噛みつくように叫べば、びくりとマルセルが身を揺らす。

ああ、今の俺は獣のようだ。ノーティスが邪魔だ。マルセルの手助けを受ければ、もっと簡単に決着をつけられるだろう。

けれどこいつの見当違いな忠誠を、俺の剣で叩き切ってやりたかった。


思い切り踏み込む。この剣はスノウベルがくれたもの。ガラスでできているけれど、割れることもない魔女の剣。

思い切り振り下ろせば、がっちりと受け止められる。はじき返されたと思えば、頭上に白騎士の剣が輝いている。

「――先輩!」

マルセルの焦った声が聞える。

俺はすんでのところでそれを避ける。はじいて、かわして、受け止めて。

びっと、俺の頬をノーティスの剣が横切った。

ひりひりと痛む傷も、今は忘れてしまうほどに、俺は夢中になって剣を動かしていた。

いつの間にか頬から血が流れ、でも俺は、――ああ俺は、あの子のために戦うのだと思うと、全身が武者震いするようだった。


ぎし、と奥歯が鳴る。気づかずに歯を喰い閉めていた。ノーティスの目がぎらりとこちらを見据える。まるで軽蔑するような瞳。王を裏切った物への侮蔑の切っ先。

はは、と俺は笑った。頬から血を流しながら笑った。

お前は何を見ている、ノーティス。見当違いなお前の忠誠が、本当に正しいものなのか。

アルフレッドが何を求めているのか。証明してやろうじゃないか。

がっと突き出された剣を思い切りはじく。からん、と音がして、奴の剣は転がった。はっと目を見開いたノーティスの背後に、俺は素早く回り込む。
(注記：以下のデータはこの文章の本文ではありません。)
lemma norm_counterterm_le:
  assumes "A \<le> 0" "K > 0" "Im w \<ge> 0"
  shows "norm (counterterm K A w) \<le> card (counterterm_range K A)"
proof -
  have exp_le: "norm (counterterm_exp K A m w) \<le> 1" if "m \<in> counterterm_range K A" for m
  proof -
    have "2 * int K * m - \<bar>A\<bar> \<le> 0"
      using that counterterm_range_iff[OF assms(2)] by auto
    then have "real_of_int (2 * int K * m - \<bar>A\<bar>) \<le> 0"
      by (simp only: of_int_le_0_iff)
    moreover have "0 \<le> 2 * pi * Im w"
      using assms(3) by simp
    ultimately have "2 * pi * Im w * real_of_int (2 * int K * m - \<bar>A\<bar>) \<le> 0"
      by (simp only: mult_nonneg_nonpos)
    then show ?thesis
      using assms(1) by (cases "A = 0") (simp_all add: counterterm_exp_def norm_exp_eq_Re)
  qed
  have "norm (counterterm K A w) \<le> (\<Sum>m\<in>counterterm_range K A. 1)"
    unfolding counterterm_def
  proof (intro sum_norm_le)
    fix m assume "m \<in> counterterm_range K A"
    moreover have "norm (1 / sigma_m m) \<le> 1"
      by (simp add: sigma_m_def)
    ultimately show "norm (1 / sigma_m m * counterterm_exp K A m w) \<le> 1"
      using exp_le unfolding norm_mult by (metis mult_le_one norm_ge_zero)
  qed
  then show ?thesis
    by simp
qed

lemma norm_kernel_numerator_le:
  assumes "K > 0" "Im w \<ge> 1"
  shows "norm (exp_cot K A w + 2 * \<i> * of_int (sgn A) * counterterm K A w)
           \<le> 4 + 2 * real (card (counterterm_range K A))"
proof (cases "A > 0")
  case True
  then show ?thesis
    using norm_exp_cot_add_counterterm_pos_le[OF True assms] by simp
next
  case False
  have "2 * pi * of_int A * Im w \<le> 0"
    using False assms(2) by (intro mult_nonpos_nonneg mult_nonneg_nonpos) auto
  then have "norm (exp (- (2 * of_real pi * \<i> * of_int A * w))) \<le> 1"
    by (simp add: norm_exp_eq_Re)
  then have "norm (exp_cot K A w) \<le> 1 * 3"
    unfolding exp_cot_def norm_mult using norm_cot_2piKw_le[OF assms] by (intro mult_mono) auto
  moreover have "norm (2 * \<i> * of_int (sgn A) * counterterm K A w) \<le> 2 * real (card (counterterm_range K A))"
    using norm_counterterm_le[of A K w] False assms by (auto simp: norm_mult sgn_if)
  ultimately show ?thesis
    using norm_triangle_ineq[of "exp_cot K A w" "2 * \<i> * of_int (sgn A) * counterterm K A w"] by simp
qed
彼が驚いて振り向いた時には遅かった。俺は奴の首に、ガラスの剣をつきつけたのだ。



両者の動きが止まる。はっ、はっ、と白騎士は息を乱し、目を見開いて俺を見ていた。彼はもう動けない。一歩でも動いたらその首の皮が切れるだろう。転がった剣を拾うことは、この男にはもうできないのだ。

俺は肩で息をしながら、にやりと笑ってやった。

「俺の勝ちだ、ノーティス」

「っ、――裏切り者め、お前に何が――」

「よく言うぜ」

ぐっと、剣を押し付けてやれば、彼は悔しそうにこちらを見据えた。ああ、端正なお顔の白騎士様も、そんな顔をなされるのかと、俺は皮肉げに奴を見た。
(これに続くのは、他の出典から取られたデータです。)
lemma uniform_limit_exp_op_derivative:
  "uniform_limit (ball t0 1) (\<lambda>n t. \<Sum>i<n. (real i * t ^ (i - 1) / fact i) *\<^sub>R (K ^^ i) x)
     (\<lambda>t. K (exp_op K t x)) sequentially"
proof -
  obtain c where c: "0 \<le> c" "\<And>y. norm (K y) \<le> c * norm y"
    using bounded_linear.nonneg_bounded[OF K] by (auto simp: mult.commute)
  define R where "R = \<bar>t0\<bar> + 1"
  define M where "M n = (if n = 0 then 0 else c * norm x * ((R * c) ^ (n - 1) / fact (n - 1)))" for n
  have "norm ((real n * t ^ (n - 1) / fact n) *\<^sub>R (K ^^ n) x) \<le> M n" if "t \<in> ball t0 1" for n t
  proof (cases n)
    case (Suc k)
    have "norm ((real n * t ^ (n - 1) / fact n) *\<^sub>R (K ^^ n) x) \<le> c * norm ((t ^ k / fact k) *\<^sub>R (K ^^ k) x)"
      unfolding Suc exp_op_derivative_term_Suc by (rule c(2))
    also have "\<dots> \<le> c * (norm x * ((\<bar>t\<bar> * c) ^ k / fact k))"
      by (intro mult_left_mono norm_exp_op_term_le c)
    also have "\<dots> \<le> c * (norm x * ((R * c) ^ k / fact k))"
    proof -
      have "\<bar>t\<bar> \<le> R"
        using that by (auto simp: R_def dist_real_def)
      then show ?thesis
        using c(1) by (intro mult_left_mono divide_right_mono power_mono mult_right_mono) auto
    qed
    finally show ?thesis
      by (simp add: M_def Suc mult_ac)
  qed (simp add: M_def)
  moreover have "summable M"
    by (subst summable_Suc_iff[symmetric])
      (simp add: M_def summable_exp divide_inverse mult_ac)
  ultimately have "uniform_limit (ball t0 1) (\<lambda>n t. \<Sum>i<n. (real i * t ^ (i - 1) / fact i) *\<^sub>R (K ^^ i) x)
      (\<lambda>t. \<Sum>i. (real i * t ^ (i - 1) / fact i) *\<^sub>R (K ^^ i) x) sequentially"
    by (rule Weierstrass_m_test)
  also have "(\<lambda>t. \<Sum>i. (real i * t ^ (i - 1) / fact i) *\<^sub>R (K ^^ i) x) = (\<lambda>t. K (exp_op K t x))"
    using exp_op_derivative_sums by (simp add: sums_iff)
  finally show ?thesis .
qed

lemma exp_op_has_vector_derivative:
  "((\<lambda>t. exp_op K t x) has_vector_derivative K (exp_op K t x)) (at t)"
  unfolding exp_op_def
proof (rule has_vector_derivative_series[where S="ball t 1" and a=t])
  show "((\<lambda>t. (t ^ n / fact n) *\<^sub>R (K ^^ n) x) has_vector_derivative
      (real n * s ^ (n - 1) / fact n) *\<^sub>R (K ^^ n) x) (at s)" for n s
    by (auto intro!: derivative_eq_intros)
  show "uniform_limit (ball t 1) (\<lambda>n s. \<Sum>i<n. (real i * s ^ (i - 1) / fact i) *\<^sub>R (K ^^ i) x)
      (\<lambda>s. K (\<Sum>n. (s ^ n / fact n) *\<^sub>R (K ^^ n) x)) sequentially"
    using uniform_limit_exp_op_derivative unfolding exp_op_def .
qed (auto intro: summable_exp_op)

end

section \<open>Touchard polynomials\<close>

lemma sum_binomial_lessThan_Suc:
  fixes f :: "nat \<Rightarrow> 'a::comm_semiring_1"
  shows "(\<Sum>j<Suc n. of_nat (Suc n choose j) * f j) = f n + (\<Sum>j<n. of_nat (n choose j) * (f j + f (Suc j)))"
proof -
  have "(\<Sum>j<Suc n. of_nat (Suc n choose j) * f j)
      = (f 0 + (\<Sum>j<n. of_nat (n choose Suc j) * f (Suc j))) + (\<Sum>j<n. of_nat (n choose j) * f (Suc j))"
    by (subst sum.lessThan_Suc_shift) (simp add: algebra_simps sum.distrib del: sum.lessThan_Suc)
  also have "f 0 + (\<Sum>j<n. of_nat (n choose Suc j) * f (Suc j)) = (\<Sum>j<Suc n. of_nat (n choose j) * f j)"
    by (subst sum.lessThan_Suc_shift) simp
  also have "\<dots> = f n + (\<Sum>j<n. of_nat (n choose j) * f j)"
    by (simp add: add.commute)
  finally show ?thesis
    by (simp add: distrib_left sum.distrib ac_simps)
qed

lemma pCons_0_sum: "pCons 0 (sum f A) = (\<Sum>x\<in>A. pCons 0 (f x))"
  by (induction A rule: infinite_finite_induct) (simp_all, metis add_0 add_pCons)

lemma pderiv_sum: "pderiv (sum f A) = (\<Sum>x\<in>A. pderiv (f x))"
  using higher_pderiv_sum[of 1 f A] by simp

text \<open>The Touchard polynomials \<open>\<Sum>k\<le>n. S(n, k) x\<^sup>k\<close>, \<open>S\<close> the Stirling numbers of the second kind.\<close>

primrec touchard :: "nat \<Rightarrow> 'a::{comm_semiring_1,semiring_no_zero_divisors} poly" where
  "touchard 0 = 1"
| "touchard (Suc n) = pCons 0 (touchard n + pderiv (touchard n))"

lemma pderiv_touchard:
  "pderiv (touchard n) = (\<Sum>j<n. of_nat (n choose j) * touchard j)"
proof (induction n)
  case 0
  show ?case by simp
next
  case (Suc n)
  let ?T = "touchard :: nat \<Rightarrow> 'a poly"
  let ?c = "\<lambda>j. of_nat (n choose j) :: 'a poly"
  have pCons_0_scale: "pCons 0 (?c j * p) = ?c j * pCons 0 p" for j p
    by (simp add: of_nat_poly)
  have "pCons 0 (pderiv (?T n) + pderiv (pderiv (?T n)))
      = pCons 0 (\<Sum>j<n. ?c j * (?T j + pderiv (?T j)))"
    unfolding Suc.IH by (simp add: pderiv_sum pderiv_mult distrib_left sum.distrib)
  also have "\<dots> = (\<Sum>j<n. ?c j * ?T (Suc j))"
    by (simp only: pCons_0_sum pCons_0_scale touchard.simps)
  finally have "pderiv (?T (Suc n)) = ?T n + (\<Sum>j<n. ?c j * ?T j) + (\<Sum>j<n. ?c j * ?T (Suc j))"
    by (simp add: pderiv_pCons pderiv_add Suc.IH)
  then show ?case
    by (simp only: sum_binomial_lessThan_Suc distrib_left sum.distrib add.assoc)
qed

lemma degree_touchard [simp]:
  "degree (touchard n :: 'a::{comm_semiring_1,semiring_no_zero_divisors,semiring_char_0} poly) = n"
  and lead_coeff_touchard: "lead_coeff (touchard n :: 'a poly) = 1"
proof (induction n)
  case (Suc n)
  have "coeff (pderiv (touchard n :: 'a poly)) n = 0"
    by (simp add: coeff_pderiv coeff_eq_0 Suc.IH)
  moreover have "degree (pderiv (touchard n :: 'a poly)) \<le> n"
    by (simp add: degree_pderiv Suc.IH)
  ultimately have "coeff (touchard n + pderiv (touchard n) :: 'a poly) n = 1"
    and "degree (touchard n + pderiv (touchard n) :: 'a poly) = n"
    using Suc.IH by (auto intro!: antisym le_degree degree_add_le)
  then show "degree (touchard (Suc n) :: 'a poly) = Suc n" "lead_coeff (touchard (Suc n) :: 'a poly) = 1"
    by auto
qed simp_all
とにかく、疲れていたのだ。それに邪魔をされて苛立っていたし、何より奴の言葉が俺の中の何かを燃え上がらせていた。

「スノウベルを殺すと言ったな」

「…………」

「仮にも同じ学園の生徒だろう。俺を裏切り者だと言うなら、お前は一体、俺と何が違う?」

「なにを――」

かっと、奴の目が燃え上がる。どうやらこの男も、また胸に激情を秘めているらしい。それは王への忠誠や騎士団への憧れ、幼い頃からの努力もろもろだろう。

俺だって努力はしてきた。

ただこいつは、剣を向ける方向を間違えただけだ。アルフレッドに仕えたいなら、そうすればいい。俺はもう魔女の騎士なのだから。
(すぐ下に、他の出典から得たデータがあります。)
lemma admissible_flip:
  assumes "admissible Q w K"
  shows "admissible Q (\<lambda>k. signed_point Q (s k) (w k)) K"
proof -
  have Q: "Q \<noteq> 0" using assms by (simp add: admissible_def)
  have single: "signed_point Q (s k) (w k) \<noteq> 0 \<and> signed_point Q (s k) (w k) \<noteq> 1 \<and>
      Q * signed_point Q (s k) (w k) \<noteq> 1 \<and> Q * (signed_point Q (s k) (w k))\<^sup>2 \<noteq> 1"
    if "k \<in> K" for k
  proof -
    have "w k \<noteq> 0" "w k \<noteq> 1" "Q * w k \<noteq> 1" "Q * (w k)\<^sup>2 \<noteq> 1"
      using assms that by (simp_all add: admissible_def)
    then show ?thesis using dual_point_iffs(1-4)[OF Q, of "w k"] by (simp add: signed_point_def)
  qed
  have pair: "signed_point Q (s i) (w i) \<noteq> signed_point Q (s j) (w j) \<and>
      Q * signed_point Q (s i) (w i) * signed_point Q (s j) (w j) \<noteq> 1"
    if "i \<in> K" "j \<in> K" "i \<noteq> j" for i j
  proof -
    have "w i \<noteq> 0" "w j \<noteq> 0" "w i \<noteq> w j" "Q * w i * w j \<noteq> 1" "Q * w j * w i \<noteq> 1"
      using assms that by (auto simp: admissible_def)
    then show ?thesis
      using dual_point_iffs(5-10)[OF Q, of "w i" "w j"] dual_point_iffs(5-10)[OF Q, of "w j" "w i"]
      by (simp add: signed_point_def mult_ac)
  qed
  show ?thesis unfolding admissible_def using Q single pair by simp
qed

definition poles :: "'a::field \<Rightarrow> ('i \<Rightarrow> 'a) \<Rightarrow> 'i set \<Rightarrow> 'a set" where
  "poles Q w K = {signed_point Q e (w k) | k e. k \<in> K}"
ただ俺の魔女を傷つけると言うのなら、俺とお前は敵になるというだけだ。


「ここはお前の踏み入る場所じゃない。邪魔をする場所でもない。白騎士様は大人しく、あいつの元に帰ればいいんだ。――アルフレッドの傍には、誰かがいてやらなきゃいけないんだから」

俺だってもう、それ以上言う資格はないと分かっていた。

この生真面目すぎる男を殺す気にも、もうなれなかった。

ゆっくり剣を引けば、彼はこちらを睨みつけたまま、静かに自らの剣を拾い、息をついた。

まだ燃え盛るような目をしている白騎士を、俺は冷たく見返してやる。

「帰れよ。俺達の邪魔をするな」

彼は何か言いたそうな目をしていたが――やがて自分の立場を受け止めたのか、剣を鞘に収めると、黙ってどこかへ立ち去って行った。